Editorial: Top 5 Reality Shows.
So, here's something new.
We don't tend to talk much about reality shows on this blog, because I don't watch all that many, and more importantly, it kind of only fits tangentially into this blog's remit. But even a tangential fit is worth at least one post, especially since the alternative is doing that Kamen Rider Ghost review, and I really don't feel like doing that.
So, without further ado, here are my top five reality shows - which surely means that they're everyone's top five, because I am always right, yes, good.
5. Strictly Come Dancing.
Strictly Come Dancing is great because it combines three things I love: Celebrities who I've never heard of before, dancing, and no particular need to pay particularly keen attention to what's going on. I mean, worst case scenario, I miss someone getting dropped during an illegal lift or something, but that's not happened yet.
Like several shows on this list, Strictly Come Dancing's claim to fame is that it is so very good-natured. Nobody is making veiled spiteful comments about each other or aught like that, everyone is just full of joy and quiet whimsy. Even the judges are nice, because by now everyone has realised that Craig's Cowell-esque nastiness is a very transparent act.
4. The Voice UK.
As I am an ancient, withered skeleton of a person, I remember the eras of Popstars, Popstars: The Rivals, Pop Idol and X-Factor, the last of which is actually still on television but sometimes feels like it isn't. I've seen the steady evolution of televised singing competitions, and The Voice UK is in many ways the apex of that evolution, for the moment at least.
What makes it such, I think, is that the judges are all so nice. While X-Factor still thrives off Simon Cowell's increasingly tired and repetitive attempts at wit, The Voice has apparently decided that its particular niche is going to be having its judges behave in a much more professional fashion, avoiding needless cruelty and instead being straightforward, honest, and very pleasant.
That is incredibly refreshing, and it has sustained my interest through three series of the blasted thing, when my interest in other singing competition shows died off long, long before.
3. The Apprentice.
I'm talking, obviously, about the UK Apprentice, because that one doesn't involve an angry orange man who is probably less competent at business than the twelve people he's yelling at (seriously, Donald Trump has gone bankrupt five times, guys), and instead involves Lord Alan Sugar, who is a lovely old fellow who gives generously to charity and doesn't yell so much as growl ominously at people.
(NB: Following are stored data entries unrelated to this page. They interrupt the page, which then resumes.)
(* Let $(x_n)$ be a nonincreasing interval-filling sequence of positive reals with cardinal function $f$, and suppose there are indices $k<m$ such that $x_m<r_m$ and $x_k+x_m<r_k$. Then there exists $y\in\mathcal{A}((x_n))$ with $f(y)\ge4$ (with $\omega,\mathfrak{c}$ counting as $\ge4$).
   Context: For a summable sequence $\mathbf{x}=(x_n)$ of positive reals, $\mathcal{A}(\mathbf{x})=\{\sum_{n\in A}x_n: A\subseteq\mathbb{N}\}$ is its achievement set and its cardinal function $f$ assigns to $x\in\mathcal{A}(\mathbf{x})$ the cardinality (a positive integer, $\omega$, or $\mathfrak{c}$) of $\{(\varepsilon_n)\in\{0,1\}^{\mathbb{N}}:\sum\varepsilon_nx_n=x\}$. The sequence is interval-filling if $\mathcal{A}(\mathbf{x})$ is an interval. The tail sums are $r_n=\sum_{k=n+1}^\infty x_k$. *)

theory Defs
  imports "HOL-Analysis.Analysis"
begin

text \<open>Subset sum of a sequence over an index set A (a 0/1 sequence is identified
  with the set of indices where it equals 1).\<close>
definition subset_sum :: "(nat \<Rightarrow> real) \<Rightarrow> nat set \<Rightarrow> real" where
  "subset_sum x A = (\<Sum>n. if n \<in> A then x n else 0)"

definition achievement_set :: "(nat \<Rightarrow> real) \<Rightarrow> real set" where
  "achievement_set x = {subset_sum x A | A. True}"

text \<open>The set whose cardinality is the cardinal function value f(y).\<close>
definition representations :: "(nat \<Rightarrow> real) \<Rightarrow> real \<Rightarrow> nat set set" where
  "representations x y = {A. subset_sum x A = y}"

definition interval_filling :: "(nat \<Rightarrow> real) \<Rightarrow> bool" where
  "interval_filling x \<longleftrightarrow> is_interval (achievement_set x)"

definition tail_sum :: "(nat \<Rightarrow> real) \<Rightarrow> nat \<Rightarrow> real" where
  "tail_sum x n = (\<Sum>k. x (n + 1 + k))"

end

theory Submission imports Defs begin

text \<open>For a nonincreasing sequence, interval filling forces Kakeya's condition
  \<open>x\<^sub>i \<le> r\<^sub>i\<close>, and under that condition the greedy algorithm writes every
  \<open>t \<in> [0, r\<^sub>n]\<close> as a sum of terms with indices \<open>> n\<close>. Choose \<open>j > m\<close> with \<open>x\<^sub>j\<close> so
  small that \<open>x\<^sub>m + x\<^sub>j \<le> r\<^sub>m\<close> and \<open>x\<^sub>k + x\<^sub>m + x\<^sub>j \<le> r\<^sub>k\<close>. Then
  \<open>y = x\<^sub>k + x\<^sub>m + x\<^sub>j\<close> is represented by \<open>{k, m, j}\<close>, by \<open>{k, m}\<close> together with an
  expansion of \<open>x\<^sub>j\<close> beyond \<open>j\<close>, by \<open>{k}\<close> together with an expansion of
  \<open>x\<^sub>m + x\<^sub>j\<close> beyond \<open>m\<close>, and by an expansion of \<open>y\<close> beyond \<open>k\<close>; these four sets
  are told apart by their membership of \<open>j\<close>, \<open>m\<close> and \<open>k\<close>.\<close>

lemma summable_restrict:
  assumes "\<And>n. 0 \<le> x n" "summable x"
  shows "summable (\<lambda>n. if n \<in> A then x n else (0::real))"
  by (rule summable_comparison_test[OF _ assms(2)]) (auto simp: assms(1))

lemma subset_sum_finite:
  assumes "finite A"
  shows "subset_sum x A = sum x A"
  unfolding subset_sum_def by (subst suminf_finite[OF assms]) auto

lemma subset_sum_mono:
  assumes "\<And>n. 0 \<le> x n" "summable x" "A \<subseteq> B"
  shows "subset_sum x A \<le> subset_sum x B"
  unfolding subset_sum_def
  by (rule suminf_le) (use assms in \<open>auto intro: summable_restrict\<close>)

lemma subset_sum_nonneg:
  assumes "\<And>n. 0 \<le> x n" "summable x"
  shows "0 \<le> subset_sum x A"
  using subset_sum_mono[OF assms, of "{}" A] by (simp add: subset_sum_finite)

lemma subset_sum_ge_member:
  assumes "\<And>n. 0 \<le> x n" "summable x" "i \<in> A"
  shows "x i \<le> subset_sum x A"
  using subset_sum_mono[OF assms(1,2), of "{i}" A] assms(3) by (simp add: subset_sum_finite)

lemma subset_sum_Un_disjoint:
  assumes "\<And>n. 0 \<le> x n" "summable x" "A \<inter> B = {}"
  shows "subset_sum x (A \<union> B) = subset_sum x A + subset_sum x B"
proof -
  have "(\<lambda>n. if n \<in> A \<union> B then x n else 0)
      = (\<lambda>n. (if n \<in> A then x n else 0) + (if n \<in> B then x n else 0))"
    using assms(3) by (auto simp: fun_eq_iff)
  then show ?thesis
    unfolding subset_sum_def
    using suminf_add[OF summable_restrict[OF assms(1,2)] summable_restrict[OF assms(1,2)]]
    by simp
qed

lemma achievement_set_iff_representations:
  "y \<in> achievement_set x \<longleftrightarrow> representations x y \<noteq> {}"
  by (auto simp: achievement_set_def representations_def)

lemma tail_sum_eq_subset_sum:
  assumes "\<And>n. 0 \<le> x n" "summable x"
  shows "tail_sum x n = subset_sum x {n<..}"
proof -
  let ?g = "\<lambda>p. if p \<in> {n<..} then x p else 0"
  have "subset_sum x {n<..} = (\<Sum>p. ?g (p + Suc n)) + (\<Sum>p<Suc n. ?g p)"
    unfolding subset_sum_def by (rule suminf_split_initial_segment[OF summable_restrict[OF assms]])
  also have "(\<Sum>p<Suc n. ?g p) = 0"
    by (intro sum.neutral) auto
  finally show ?thesis
    by (simp add: tail_sum_def add.commute)
qed

lemma subset_sum_le_tail_sum:
  assumes "\<And>n. 0 \<le> x n" "summable x" "A \<subseteq> {n<..}"
  shows "subset_sum x A \<le> tail_sum x n"
  using subset_sum_mono[OF assms] tail_sum_eq_subset_sum[OF assms(1,2)] by simp

lemma tail_sum_Suc:
  assumes "summable x"
  shows "tail_sum x n = x (Suc n) + tail_sum x (Suc n)"
proof -
  have "summable (\<lambda>k. x (Suc n + k))"
    using summable_ignore_initial_segment[OF assms, of "Suc n"] by (simp add: add.commute)
  from suminf_split_head[OF this] show ?thesis
    unfolding tail_sum_def by simp
qed

lemma tail_sum_tendsto_zero:
  assumes "summable x"
  shows "tail_sum x \<longlonglongrightarrow> 0"
proof -
  have "tail_sum x n = suminf x - (\<Sum>i<Suc n. x i)" for n
    using suminf_split_initial_segment[OF assms, of "Suc n"]
    unfolding tail_sum_def by (simp add: add.commute)
  then have "tail_sum x = (\<lambda>n. suminf x - (\<Sum>i<Suc n. x i))" ..
  moreover have "(\<lambda>n. suminf x - (\<Sum>i<Suc n. x i)) \<longlonglongrightarrow> suminf x - suminf x"
    by (intro tendsto_diff tendsto_const LIMSEQ_Suc summable_LIMSEQ assms)
  ultimately show ?thesis
    by simp
qed

text \<open>If \<open>r\<^sub>i < x\<^sub>i\<close>, the midpoint of \<open>(r\<^sub>i, x\<^sub>i)\<close> lies between \<open>0\<close> and \<open>\<Sum>x\<close> but is
  no subset sum: a set containing an index \<open>\<le> i\<close> sums to at least \<open>x\<^sub>i\<close>, any other
  set to at most \<open>r\<^sub>i\<close>.\<close>

lemma decseq_interval_filling_le_tail_sum:
  assumes nonneg: "\<And>n. 0 \<le> x n" and summ: "summable x" and noninc: "decseq x"
    and fill: "interval_filling x"
  shows "x i \<le> tail_sum x i"
proof (rule ccontr)
  assume "\<not> x i \<le> tail_sum x i"
  then have gap: "tail_sum x i < x i" by simp
  define v where "v = (tail_sum x i + x i) / 2"
  have "0 \<in> achievement_set x" "subset_sum x UNIV \<in> achievement_set x"
    using subset_sum_finite[of "{}" x] by (auto simp: achievement_set_def)
  moreover have "0 \<le> v" "v \<le> subset_sum x UNIV"
    using gap subset_sum_ge_member[OF nonneg summ, of i UNIV]
      tail_sum_eq_subset_sum[OF nonneg summ, of i] subset_sum_nonneg[OF nonneg summ, of "{i<..}"]
    by (auto simp: v_def)
  ultimately have "v \<in> achievement_set x"
    using fill unfolding interval_filling_def by (blast intro: mem_is_interval_1_I)
  then obtain B where B: "subset_sum x B = v"
    by (auto simp: achievement_set_def)
  show False
  proof (cases "B \<subseteq> {i<..}")
    case True
    with subset_sum_le_tail_sum[OF nonneg summ True] B gap show False
      by (simp add: v_def)
  next
    case False
    then obtain p where "p \<in> B" "p \<le> i" by force
    from noninc \<open>p \<le> i\<close> have "x i \<le> x p" by (rule decseqD)
    also have "\<dots> \<le> subset_sum x B" by (rule subset_sum_ge_member[OF nonneg summ \<open>p \<in> B\<close>])
    finally show False using B gap
      by (simp add: v_def)
  qed
qed

primrec greedy_sum :: "(nat \<Rightarrow> real) \<Rightarrow> nat \<Rightarrow> real \<Rightarrow> nat \<Rightarrow> real" where
  "greedy_sum x n t 0 = 0"
| "greedy_sum x n t (Suc i) =
     (if greedy_sum x n t i + x (Suc (n + i)) \<le> t
      then greedy_sum x n t i + x (Suc (n + i)) else greedy_sum x n t i)"

definition greedy_set :: "(nat \<Rightarrow> real) \<Rightarrow> nat \<Rightarrow> real \<Rightarrow> nat set" where
  "greedy_set x n t = {Suc (n + i) | i. greedy_sum x n t i + x (Suc (n + i)) \<le> t}"

lemma greedy_sum_remainder_bounds:
  assumes summ: "summable x" and kakeya: "\<And>i. n < i \<Longrightarrow> x i \<le> tail_sum x i"
    and t: "0 \<le> t" "t \<le> tail_sum x n"
  shows "0 \<le> t - greedy_sum x n t i \<and> t - greedy_sum x n t i \<le> tail_sum x (n + i)"
proof (induction i)
  case 0
  show ?case using t by simp
next
  case (Suc i)
  have "tail_sum x (n + i) = x (Suc (n + i)) + tail_sum x (Suc (n + i))"
    by (rule tail_sum_Suc[OF summ])
  moreover have "x (Suc (n + i)) \<le> tail_sum x (Suc (n + i))"
    by (rule kakeya) simp
  ultimately show ?case
    using Suc.IH by (cases "greedy_sum x n t i + x (Suc (n + i)) \<le> t") simp_all
qed

lemma sum_greedy_set:
  "(\<Sum>p<Suc (n + i). if p \<in> greedy_set x n t then x p else 0) = greedy_sum x n t i"
proof (induction i)
  case 0
  have "p \<notin> greedy_set x n t" if "p < Suc n" for p
    using that by (auto simp: greedy_set_def)
  then show ?case by simp
next
  case (Suc i)
  have "Suc (n + i) \<in> greedy_set x n t \<longleftrightarrow> greedy_sum x n t i + x (Suc (n + i)) \<le> t"
    by (auto simp: greedy_set_def)
  moreover have "{..<Suc (n + Suc i)} = insert (Suc (n + i)) {..<Suc (n + i)}"
    by auto
  ultimately show ?case
    using Suc.IH by simp
qed

lemma subset_sum_greedy_set:
  assumes nonneg: "\<And>n. 0 \<le> x n" and summ: "summable x"
    and kakeya: "\<And>i. n < i \<Longrightarrow> x i \<le> tail_sum x i"
    and t: "0 \<le> t" "t \<le> tail_sum x n"
  shows "subset_sum x (greedy_set x n t) = t"
proof -
  let ?g = "\<lambda>p. if p \<in> greedy_set x n t then x p else 0"
  note bounds = greedy_sum_remainder_bounds[OF summ kakeya t]
  have "(\<lambda>i. t - tail_sum x (i + n)) \<longlonglongrightarrow> t - 0"
    by (intro tendsto_diff tendsto_const LIMSEQ_ignore_initial_segment tail_sum_tendsto_zero summ)
  moreover have "\<forall>i. t - tail_sum x (i + n) \<le> greedy_sum x n t i" "\<forall>i. greedy_sum x n t i \<le> t"
    using bounds by (simp_all add: add.commute algebra_simps)
  ultimately have "greedy_sum x n t \<longlonglongrightarrow> t"
    using tendsto_sandwich[OF always_eventually always_eventually _ tendsto_const] by simp
  moreover have "(\<lambda>i. \<Sum>p<i + Suc n. ?g p) = greedy_sum x n t"
  proof
    fix i
    have "i + Suc n = Suc (n + i)" by simp
    then show "(\<Sum>p<i + Suc n. ?g p) = greedy_sum x n t i"
      by (simp only: sum_greedy_set)
  qed
  ultimately have "(\<lambda>i. \<Sum>p<i + Suc n. ?g p) \<longlonglongrightarrow> t"
    by (simp only:)
  then have "?g sums t"
    unfolding sums_def by (rule LIMSEQ_offset)
  then show ?thesis
    unfolding subset_sum_def by (rule sums_unique[symmetric])
qed

lemma exists_tail_subset_sum:
  assumes "\<And>n. 0 \<le> x n" "summable x" "\<And>i. n < i \<Longrightarrow> x i \<le> tail_sum x i"
    and "0 \<le> t" "t \<le> tail_sum x n"
  shows "\<exists>A \<subseteq> {n<..}. subset_sum x A = t"
proof -
  have "greedy_set x n t \<subseteq> {n<..}"
    by (auto simp: greedy_set_def)
  with subset_sum_greedy_set[OF assms] show ?thesis
    by blast
qed

lemma four_representations:
  assumes nonneg: "\<And>n. 0 \<le> x n" and summ: "summable x"
    and kakeya: "\<And>i. k < i \<Longrightarrow> x i \<le> tail_sum x i"
    and "k < m" "m < j"
    and small_m: "x m + x j \<le> tail_sum x m" and small_k: "x k + x m + x j \<le> tail_sum x k"
  obtains F where "F \<subseteq> representations x (x k + x m + x j)" "card F = 4"
proof -
  have expansion: "\<exists>A \<subseteq> {n<..}. subset_sum x A = t"
    if "k \<le> n" "0 \<le> t" "t \<le> tail_sum x n" for n t
    using exists_tail_subset_sum[OF nonneg summ _ that(2,3)] kakeya that(1) by simp
  obtain U where U: "U \<subseteq> {j<..}" "subset_sum x U = x j"
    using expansion[of j "x j"] nonneg kakeya \<open>k < m\<close> \<open>m < j\<close> by auto
  obtain T where T: "T \<subseteq> {m<..}" "subset_sum x T = x m + x j"
    using expansion[of m "x m + x j"] nonneg[of m] nonneg[of j] small_m \<open>k < m\<close> by auto
  obtain V where V: "V \<subseteq> {k<..}" "subset_sum x V = x k + x m + x j"
    using expansion[of k "x k + x m + x j"] nonneg[of k] nonneg[of m] nonneg[of j] small_k by auto
  let ?F = "{{k, m, j}, {k, m} \<union> U, {k} \<union> T, V}"
  have "subset_sum x {k, m, j} = x k + x m + x j"
    using \<open>k < m\<close> \<open>m < j\<close> by (simp add: subset_sum_finite)
  moreover have "subset_sum x ({k, m} \<union> U) = x k + x m + x j"
  proof -
    have "{k, m} \<inter> U = {}" using U(1) \<open>k < m\<close> \<open>m < j\<close> by auto
    from subset_sum_Un_disjoint[OF nonneg summ this] show ?thesis
      using U(2) \<open>k < m\<close> by (simp add: subset_sum_finite)
  qed
  moreover have "subset_sum x ({k} \<union> T) = x k + x m + x j"
  proof -
    have "{k} \<inter> T = {}" using T(1) \<open>k < m\<close> by auto
    from subset_sum_Un_disjoint[OF nonneg summ this] show ?thesis
      using T(2) by (simp add: subset_sum_finite)
  qed
  ultimately have "?F \<subseteq> representations x (x k + x m + x j)"
    using V by (auto simp: representations_def)
  moreover have "card ?F = 4"
  proof -
    have "j \<notin> {k, m} \<union> U" "m \<notin> {k} \<union> T" "k \<notin> V"
      using U T V \<open>k < m\<close> \<open>m < j\<close> by auto
    then have "{k, m, j} \<noteq> {k, m} \<union> U" "{k, m, j} \<noteq> {k} \<union> T" "{k, m, j} \<noteq> V"
      "{k, m} \<union> U \<noteq> {k} \<union> T" "{k, m} \<union> U \<noteq> V" "{k} \<union> T \<noteq> V"
      by blast+
    then show ?thesis by simp
  qed
  ultimately show ?thesis by (rule that)
qed

theorem theorem4p13:
  fixes x :: "nat \<Rightarrow> real" and k m :: nat
  assumes pos: "\<And>n. x n > 0"
    and summ: "summable x"
    and noninc: "decseq x"
    and fill: "interval_filling x"
    and km: "k < m"
    and h1: "x m < tail_sum x m"
    and h2: "x k + x m < tail_sum x k"
  shows "\<exists>y \<in> achievement_set x.
           infinite (representations x y) \<or> card (representations x y) \<ge> 4"
proof -
  have nonneg: "\<And>n. 0 \<le> x n" using pos less_imp_le by blast
  have kakeya: "\<And>i. x i \<le> tail_sum x i"
    using decseq_interval_filling_le_tail_sum[OF nonneg summ noninc fill] .
  have "\<forall>\<^sub>F j in sequentially. x j < min (tail_sum x m - x m) (tail_sum x k - x k - x m)"
    by (rule order_tendstoD(2)[OF summable_LIMSEQ_zero[OF summ]]) (use h1 h2 in simp)
  then have "\<forall>\<^sub>F j in sequentially.
      m < j \<and> x m + x j \<le> tail_sum x m \<and> x k + x m + x j \<le> tail_sum x k"
    using eventually_gt_at_top[of m] by eventually_elim auto
  then obtain j where "m < j" "x m + x j \<le> tail_sum x m" "x k + x m + x j \<le> tail_sum x k"
    using eventually_happens'[OF sequentially_bot] by blast
  then obtain F where F: "F \<subseteq> representations x (x k + x m + x j)" "card F = 4"
    using four_representations[OF nonneg summ kakeya km] by blast
  define y where "y = x k + x m + x j"
  from F have "y \<in> achievement_set x"
    by (auto simp: y_def achievement_set_iff_representations)
  moreover have "infinite (representations x y) \<or> card (representations x y) \<ge> 4"
    using card_mono[OF _ F(1)] F(2) by (auto simp: y_def)
  ultimately show ?thesis by blast
qed

end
If I'm being honest, though, the real draw of The Apprentice comes from how almost all the candidates are total failures, with preposterously huge egos that are not remotely backed up with any business acumen. There is something oddly transfixing about watching someone brag about how he's the best businessperson who ever lived (and that's a claim that's come up multiple times, and always from the men in the competition) before falling totally flat on the most basic principles of business. It's delicious.
This year, someone tried to claim that they were better at business due to being taller than average. It was a beautiful moment, and I will treasure it in my heart forever.
2. Come Dine With Me.
Come Dine With Me is a show about people throwing dinner parties for each other and then scoring each other while making snide comments about the quality of the tablecloth, and if that doesn't sound like the most aggressively upper middle class thing to you then I just don't know what to tell you.
I've not watched it for several years, because it's not the kind of show you tune into willingly: It's the kind of show you watch if your life is empty and meaningless and you have nothing better to do with your time, and as you flick through the channels you happen to come across it and get sucked in.
I'm not even sure it has a regular timeslot or channel, I think it just materialises when it senses desperation and melancholy.
1. The Great British Bake-off.
"Yeah, you and the rest of the UK," someone is probably saying as they read this, and it's true: The Great British Bake-off is the country's favourite show, because it combines the two things we love most as a nation: Happy, lovely people and crushing despair.
The emotional layout of a GBBO episode is roughly like that of a Game of Thrones episode, only instead of being betrayed by their friends, the bakers are being betrayed by crumb structures and lacklustre provings.
At least half the fun, of course, is that for about eight weeks you have four countries, with a population in the dozens of millions, get swept up in baking related fervor. We get more emotionally invested in what happens on the bake-off than we do about our own general elections.